Persentuhan yang juga amat membekas adalah ketika membaca pengantar yang ia tulis untuk buku DPP IMM yang terbit pada 2007. Buku itu saya baca sekira medio 2012.
Cerapan saya atas tulisan Buya tersebut, bahkan menjadi kutipan favorit saya di masa-masa itu. Saya selalu mendeklamasikannya saban kali membawakan materi. Bahkan pernah jadi pamungkas dalam salah satu tulisan saya.
“Kerja intelektual adalah kerja seumur hidup. Itu pun tidak akan pernah tuntas dan memuaskan. Ada saja yang kurang, ada saja yang tidak genap. Yang pasti, kinerja intelektual memerlukan kesabaran dosis tinggi untuk terus berpikir dengan stamina spiritual yang prima,” tulis Buya.
Karena itu, hingga kini, tidak jarang saya hanya tertawa geli atas cibiran rekan ke saya: “Kenapa masih peduli dengan gerakan?”; “Kenapa masih mau mengkritik penindasan?”; ” Kau belum move on dari masa mahasiswa”.
Dari Buya, saya juga sadar bahwa kerja-kerja intelektual bukanlah sekadar berteriak di jalan. Terkait stamina spiritual, lagi-lagi tulisan Buyalah yang menepikan saya dari hamparan buih salah-kaprah yang berbau amat wangi.
Saya ingat, Sabtu atau Ahad pagi. Di akhir pekan, membaca Harian Kompas hanya untuk menikmati sajiannya terkait budaya dan sastra. Tetapi betapa saya senang sekali menemukan tulisan Buya hari itu.
Dari tulisan Buya itu, saya disadarkan bahwa nilai Quran, nilai Islam tidak hanya tulisan-tulisan Arab yang dikutip dari Quran atau Hadis.
Seingat saya, kata Buya, semua nilai-nilai baik bahkan ketika menggunakan bahasa bukan Arab, adalah ajaran Islam, ajaran Quran. Bahkan yang bukan dari Quran jika tidak bertentangan dengan Quran.
Selanjutnya, saya memahami spiritualitas bukan ajaran agama belaka, bukan sekadar religiusitas, pelembagaan keyakinan dan segala hal yang mengikutiya.

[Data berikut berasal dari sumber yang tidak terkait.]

theorem theorem1:
  fixes f :: "'u \<Rightarrow> real^'n \<Rightarrow> real^'n" and U :: "'u set"
    and XX \<Omega> :: "(real^'n) set" and G1 G2 :: "'n box list"
    and F :: "'u \<Rightarrow> 'n box \<Rightarrow> 'n box" and \<delta> \<rho> \<epsilon> :: real
  assumes "finite U"
    and "\<forall>u\<in>U. continuous_on UNIV (f u)"
    and "compact XX" and "compact \<Omega>" and "\<Omega> \<subseteq> XX"
    and "\<forall>B\<in>set G1 \<union> set G2. valid_box B"
    and "boxes_set G1 = closure (XX - \<Omega>)" and "boxes_set G2 = XX \<inter> \<Omega>"
    and "\<delta> \<ge> 0" and "Win \<delta> U f XX \<Omega> \<noteq> {}"
    and "\<rho> > 0"
    and "\<forall>u\<in>U. is_inclusion_fun XX (f u) (F u)"
    and "\<forall>u\<in>U. \<forall>B. valid_box B \<and> box_set B \<subseteq> XX \<longrightarrow> wid (F u B) \<le> \<rho> * wid B"
    and "\<epsilon> > 0"
  shows "algorithm3 U F \<epsilon> XX G1 G2 \<noteq> None \<and>
         (\<rho> * \<epsilon> \<le> \<delta> \<longrightarrow>
            Win \<delta> U f XX \<Omega> \<subseteq> interval_part (the (algorithm3 U F \<epsilon> XX G1 G2)) \<and>
            interval_part (the (algorithm3 U F \<epsilon> XX G1 G2)) \<subseteq> Win 0 U f XX \<Omega>)"
proof -
  define R where "R = (bisect_child \<epsilon>)\<^sup>* `` (set G1 \<union> set G2)"
  interpret algorithm3_setting U F \<epsilon> XX \<Omega> "closure (XX - \<Omega>)" R
  proof
    show "finite R" unfolding R_def by (rule finite_bisect_reachable[OF \<open>\<epsilon> > 0\<close>]) simp
    show "valid_box B" if "B \<in> R" for B
      using valid_box_bisect_reachable[OF that[unfolded R_def]] assms(6) .
    show "fst (bisect B) \<in> R \<and> snd (bisect B) \<in> R" if "B \<in> R" "\<not> wid B < \<epsilon>" for B
      using bisect_reachable_closed that unfolding R_def by blast
  qed fact+
  have outside_XX: "closure (XX - \<Omega>) \<subseteq> XX"
    using closure_minimal[of "XX - \<Omega>" XX] compact_imp_closed[OF assms(3)] by blast
  have "B \<in> R" if "B \<in> set G1 \<union> set G2" for B unfolding R_def using that by blast
  then have "\<forall>B\<in>set G1. grid_box XX B" and "\<forall>B\<in>set G2. grid_box \<Omega> B"
    using assms(7,8) outside_XX box_set_subset_boxes_set unfolding grid_box_def by blast+
  moreover have "XX \<noteq> {}" using assms(10) unfolding Win_def by auto
  moreover have "\<Omega> \<subseteq> boxes_set G2" using assms(5,8) by simp
  ultimately obtain K where run: "algorithm3 U F \<epsilon> XX G1 G2 = Some K" and res: "algorithm3_result K"
    using algorithm3_terminates_with_result[OF _ _ _ equalityD2[OF assms(7)]] by blast
  moreover have "XX - \<Omega> \<subseteq> closure (XX - \<Omega>)" by (rule closure_subset)
  ultimately show ?thesis
    using algorithm3_result_sound[OF res assms(12)] algorithm3_result_complete[OF res _ assms(12,13,11) _ assms(9)]
    by simp
qed

end
lemma temporal_walk_along:
  assumes bn: "broadcast_network V T E" and ac: "always_connected V T E" and cV: "card V \<ge> 2"
    and xV: "x \<in> V" and KT: "Suc (card (nbrs T E x)) * K \<le> T"
  shows "successively (\<lambda>u v. (u, v) \<in> underlying_edges T E) (pre @ [a, b]) \<Longrightarrow>
    (a, x) \<in> underlying_edges T E ^^ k \<Longrightarrow> length pre + 1 + k \<le> K \<Longrightarrow>
    \<exists>W. temporal_walk T E W \<and> map fst W = zip (pre @ [a, b]) (tl (pre @ [a, b])) \<and>
      count_upto (active T E a) (walk_length W) \<le> length pre + 1 \<and>
      walk_length W \<le> Suc (card (nbrs T E x)) * (length pre + 1 + k)"
proof (induction pre arbitrary: a b k rule: rev_induct)
  case Nil
  have QT: "Suc (card (nbrs T E x)) * (1 + k) \<le> T"
    using Nil.prems(3) KT mult_le_mono2[of "1 + k" K "Suc (card (nbrs T E x))"] by simp
  then obtain t' where t': "0 < t'" "t' \<le> Suc (card (nbrs T E x)) * (1 + k)" "(a, b) \<in> E t'"
    "count_upto (active T E a) t' = 1"
    using next_timed_edge[OF assms(1-4) Nil.prems(2), of b 0 1] Nil.prems(1) by auto
  moreover have "t' \<in> {1..T}"
    using t'(1,2) QT by simp
  ultimately show ?case
    by (intro exI[of _ "[((a, b), t')]"]) (auto simp: temporal_walk_singleton walk_length_def)
next
  case (snoc y pre)
  let ?U = "underlying_edges T E"
  have ya: "(y, a) \<in> ?U" and ab: "(a, b) \<in> ?U"
    and walk: "successively (\<lambda>u v. (u, v) \<in> ?U) (pre @ [y, a])"
    using snoc.prems(1) by (auto simp: successively_append_iff)
  obtain W where W: "temporal_walk T E W" "map fst W = zip (pre @ [y, a]) (tl (pre @ [y, a]))"
      "count_upto (active T E y) (walk_length W) \<le> length pre + 1"
      "walk_length W \<le> Suc (card (nbrs T E x)) * (length (pre @ [y]) + 1 + k)"
    using snoc.IH[OF walk relpow_Suc_I2[OF ya snoc.prems(2)]] snoc.prems(3) by auto
  define t where "t = walk_length W"
  have "W \<noteq> []"
    using W(1) by (simp add: temporal_walk_def)
  then have "fst (last W) = (y, a)"
    using arg_cong[OF W(2), of last] by (simp add: last_map zip_tl_append_pair)
  then have t: "t \<in> {1..T}" "(y, a) \<in> E t"
    using temporal_walk_last[OF W(1)] by (auto simp: t_def walk_length_def)
  have "y \<in> nbrs T E a"
    using ya nbrs_sym[OF bn] by (simp add: nbrs_def)
  then have "count_upto (active T E a) t \<le> Suc (count_upto (active T E y) (t - 1))"
    using activations_le_neighbour[OF bn] t(1) by simp
  also have "\<dots> = count_upto (active T E y) t"
    using count_upto_at active_if_edge[OF bn t] t(1) by simp
  finally have "count_upto (active T E a) t < length (pre @ [y]) + 1"
    using W(3) by (simp add: t_def)
  moreover have QT: "Suc (card (nbrs T E x)) * (length (pre @ [y]) + 1 + k) \<le> T"
    using snoc.prems(3) KT mult_le_mono2[of _ K "Suc (card (nbrs T E x))"] by (meson le_trans)
  ultimately obtain t' where t': "t < t'"
      "t' \<le> Suc (card (nbrs T E x)) * (length (pre @ [y]) + 1 + k)" "(a, b) \<in> E t'" "count_upto (active T E a) t' = Suc (count_upto (active T E a) t)"
    using next_timed_edge[OF assms(1-4) snoc.prems(2) ab, of t "length (pre @ [y]) + 1"] by blast
  have "temporal_walk T E (W @ [((a, b), t')])"
    using temporal_walk_snoc[OF W(1)] \<open>fst (last W) = (y, a)\<close> t' t(1) QT
    by (auto simp: t_def walk_length_def)
  moreover have "map fst (W @ [((a, b), t')]) = zip ((pre @ [y]) @ [a, b]) (tl ((pre @ [y]) @ [a, b]))"
    using W(2) zip_tl_append_pair[of "pre @ [y]" a b] by simp
  ultimately show ?case
    using t' \<open>count_upto (active T E a) t < _\<close>
    by (intro exI[of _ "W @ [((a, b), t')]"]) (auto simp: walk_length_def)
qed

lemma Min_image_attained: "finite A \<Longrightarrow> A \<noteq> {} \<Longrightarrow> \<exists>x\<in>A. Min (f ` A) = f x"
  using Min_in[of "f ` A"] by (simp add: image_iff)

lemma underlying_connected:
  assumes "broadcast_network V T E" and "always_connected V T E" and "1 \<le> T"
  shows "\<forall>u\<in>V. \<forall>v\<in>V. (u, v) \<in> (underlying_edges T E)\<^sup>*"
proof -
  have "E 1 \<union> (E 1)\<inverse> \<subseteq> underlying_edges T E"
    using broadcast_networkD(2)[OF assms(1)] broadcast_networkD(4)[OF assms(1), of 1] assms(3)
    by (auto dest: symD)
  moreover have "\<forall>u\<in>V. \<forall>v\<in>V. (u, v) \<in> (E 1 \<union> (E 1)\<inverse>)\<^sup>*"
    using assms(2,3) unfolding always_connected_def static_connected_def by simp
  ultimately show ?thesis
    using rtrancl_mono by blast
qed

theorem theorem17:
  fixes V :: "'a set" and T :: nat and E :: "nat \<Rightarrow> ('a \<times> 'a) set"
  assumes "broadcast_network V T E"
    and "always_connected V T E"
    and "card V \<ge> 2"
    and "T \<ge> (Min ((\<lambda>v. card (nbrs T E v)) ` V) + 1) * (2 * card V - 3)"
  shows "\<exists>W. temporal_walk T E W \<and> explores V W \<and>
           walk_length W \<le> (Min ((\<lambda>v. card (nbrs T E v)) ` V) + 1) * (2 * card V - 3)"
proof -
  note bn = assms(1)
  obtain x where "x \<in> V" and x_min: "Min ((\<lambda>v. card (nbrs T E v)) ` V) = card (nbrs T E x)"
    using Min_image_attained[OF broadcast_networkD(1)[OF bn], of "\<lambda>v. card (nbrs T E v)"] assms(3)
    by fastforce
  let ?K = "2 * card V - 3"
  have KT: "Suc (card (nbrs T E x)) * ?K \<le> T"
    using assms(4) unfolding x_min by simp
  moreover have "1 \<le> Suc (card (nbrs T E x)) * ?K"
    using assms(3) by simp
  ultimately have "1 \<le> T"
    by linarith
  obtain pre a b k where walk: "successively (\<lambda>u v. (u, v) \<in> underlying_edges T E) (pre @ [a, b])"
      "set (pre @ [a, b]) = V" "(a, x) \<in> underlying_edges T E ^^ k" "length pre + 1 + k \<le> ?K"
    using covering_walk_with_short_return[OF broadcast_networkD(1-3)[OF bn]
        underlying_connected[OF bn assms(2) \<open>1 \<le> T\<close>] assms(3) \<open>x \<in> V\<close>] .
  obtain W where W: "temporal_walk T E W" "map fst W = zip (pre @ [a, b]) (tl (pre @ [a, b]))"
      "walk_length W \<le> Suc (card (nbrs T E x)) * (length pre + 1 + k)"
    using temporal_walk_along[OF bn assms(2,3) \<open>x \<in> V\<close> KT walk(1,3,4)] by blast
  have "explores V W"
    using explores_if_walk_covers[OF W(2) walk(2)] by simp
  moreover have "walk_length W \<le> Suc (card (nbrs T E x)) * ?K"
    using W(3) walk(4) mult_le_mono2[of _ ?K "Suc (card (nbrs T E x))"] by (meson le_trans)
  ultimately show ?thesis
    unfolding x_min using W(1) by (intro exI[of _ W]) simp
qed

end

Spiritualitas seharusnya berbentuk efek positif. Meskipun, saya pernah mengernyitkan dahi ketika istilah spiritual tidak tepat digunakan oleh Buya, belakangan, ketika Beliau menyebut pengultusan berlebih atas habib sebagai perbudakan sprititual.
Buya Syafi’i adalah pintu masuk pergumulan saya dengan pemikiran progresif Muhammadiyah. Dari menyelancari Buya, kursor saya menemukan Jaringan Intelektual Muda Muhammadiyah (JIMM). Semula, saya hanya tahu JIL yang centil itu.
Khittah lalu semakin membuat saya terjeblos masuk ke dalam lubang Muhammadiyah Berkemajuan yang sejati. Pergumulan dengan Khittah membuat saya menemukan suatu fakta yang bikin saya sumringah.
Fakta itu adalah saat Buya menjadi Ketum PP Muhammadiyah, Majelis Tarjih bertugas untuk mengembangkan pemikiran ke-Islaman yang dipunggawai Prof Dr Amien Abdullah.
Masa itu bahkan menelurkan sebuah “Tafisr Tematik Al-Qur’an Tentang Hubungan Sosial Antarumat Beragama”. Sebuah produk progresif Persyarikatan karya Majelis Tarjih dan Pengembangan Pemikiran Islam yang karbarnya telah diaborsi.
Di masa Buya, gerakan Dakwah Kultural juga digalakkan. Progresivitasnya konsep dakwah ini terlihat jelas dengan konsep bahwa Islam tidak bisa dilepaskan dari kebudayaan manusia. Islam bukan soal Ilahiyah semata.
Dakwah Kultural juga menegakkan Islam sebagai nilai universal yang tidak melihat muslim apa kafir, terlebih ras, jenis kelamin, dan profesi atau “strata sosial”.
Di masa Buya, perempuan, Ibu-Ibu ‘Aisyiyah juga mulai diakomodasi dalam kepengurusan Muhammadiyah, hal yang sebelumnya belum pernah terjadi.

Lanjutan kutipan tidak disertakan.